American painter (1867 - 1930)

Claire Shuttleworth (1867–1930) was an American painter.

Born in Buffalo, New York, to banker Henry J. Shuttleworth and his wife, Laura Wheeler, Shuttleworth later became a summer resident of Chippewa, Ontario, where she kept a studio called "Minglestreams". She studied art in her hometown and at the Art Students League of New York before traveling to Paris for more instruction; her instructors over time included George Bridgman, Raphaël Collin, and Luc-Olivier Merson. She showed work around the United States and abroad, including at the Paris Salon from 1896 to 1899.
She studied at the Académie Vitti in Paris.

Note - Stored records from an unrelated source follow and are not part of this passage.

(* For every fixed positive integer $d$, let $f_d(n)$ be the largest integer such that every poset on $n$ elements has a subposet on $f_d(n)$ elements of dimension at most $d$. Then \[ f_d(n) = O\left(n^{\frac{d}{d+1}}\right) \quad (n\to\infty), \] where the implied constant may depend on $d$.
   Context: A subposet of a poset $P$ is a subset of its ground set with the order induced from $P$. The dimension of a poset $P$ is the least integer $d$ such that there are $d$ linear extensions of $P$ whose intersection is $P$ (equivalently, the least $d$ such that $P$ embeds into $\mathbb{R}^d$ with the coordinatewise product order). *)

theory Defs
  imports Main "HOL-Library.Landau_Symbols"
begin

definition linear_extension :: "'a set \<Rightarrow> 'a rel \<Rightarrow> 'a rel \<Rightarrow> bool" where
  "linear_extension A r L \<longleftrightarrow> linear_order_on A L \<and> r \<subseteq> L"

definition realizer :: "'a set \<Rightarrow> 'a rel \<Rightarrow> nat \<Rightarrow> (nat \<Rightarrow> 'a rel) \<Rightarrow> bool" where
  "realizer A r k L \<longleftrightarrow>
     (\<forall>i<k. linear_extension A r (L i)) \<and> r = {p \<in> A \<times> A. \<forall>i<k. p \<in> L i}"

definition poset_dim :: "'a set \<Rightarrow> 'a rel \<Rightarrow> nat" where
  "poset_dim A r = (LEAST k. \<exists>L. realizer A r k L)"

definition induced :: "'a rel \<Rightarrow> 'a set \<Rightarrow> 'a rel" where
  "induced r S = r \<inter> (S \<times> S)"

text \<open>f_d(n): the largest m such that every poset on n elements (w.l.o.g. with
  ground set {..<n}) has a subposet on m elements of dimension at most d.\<close>
definition f_dim :: "nat \<Rightarrow> nat \<Rightarrow> nat" where
  "f_dim d n = (GREATEST m. \<forall>r. partial_order_on {..<n} r \<longrightarrow>
       (\<exists>S \<subseteq> {..<n}. card S = m \<and> poset_dim S (induced r S) \<le> d))"

end

theory Submission
  imports Defs "HOL-Library.FuncSet" "HOL-Library.Product_Lexorder"
begin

She belonged to the American Federation of Arts, the National Association of Women Painters and Sculptors, the Buffalo Society of Arts, and the Rockport Art Association during her career. The Buffalo Historical Society owns examples of her work, as does the Arnot Art Museum. Shuttleworth was known as the "Painter of the Niagara" for her association with that river and the falls, which she depicted over 100 times in her work; she was also active as a portrait miniaturist. She worked in oils, watercolor, and pencil. Her work is the subject of a display at the Burchfield Penney Art Center in Buffalo.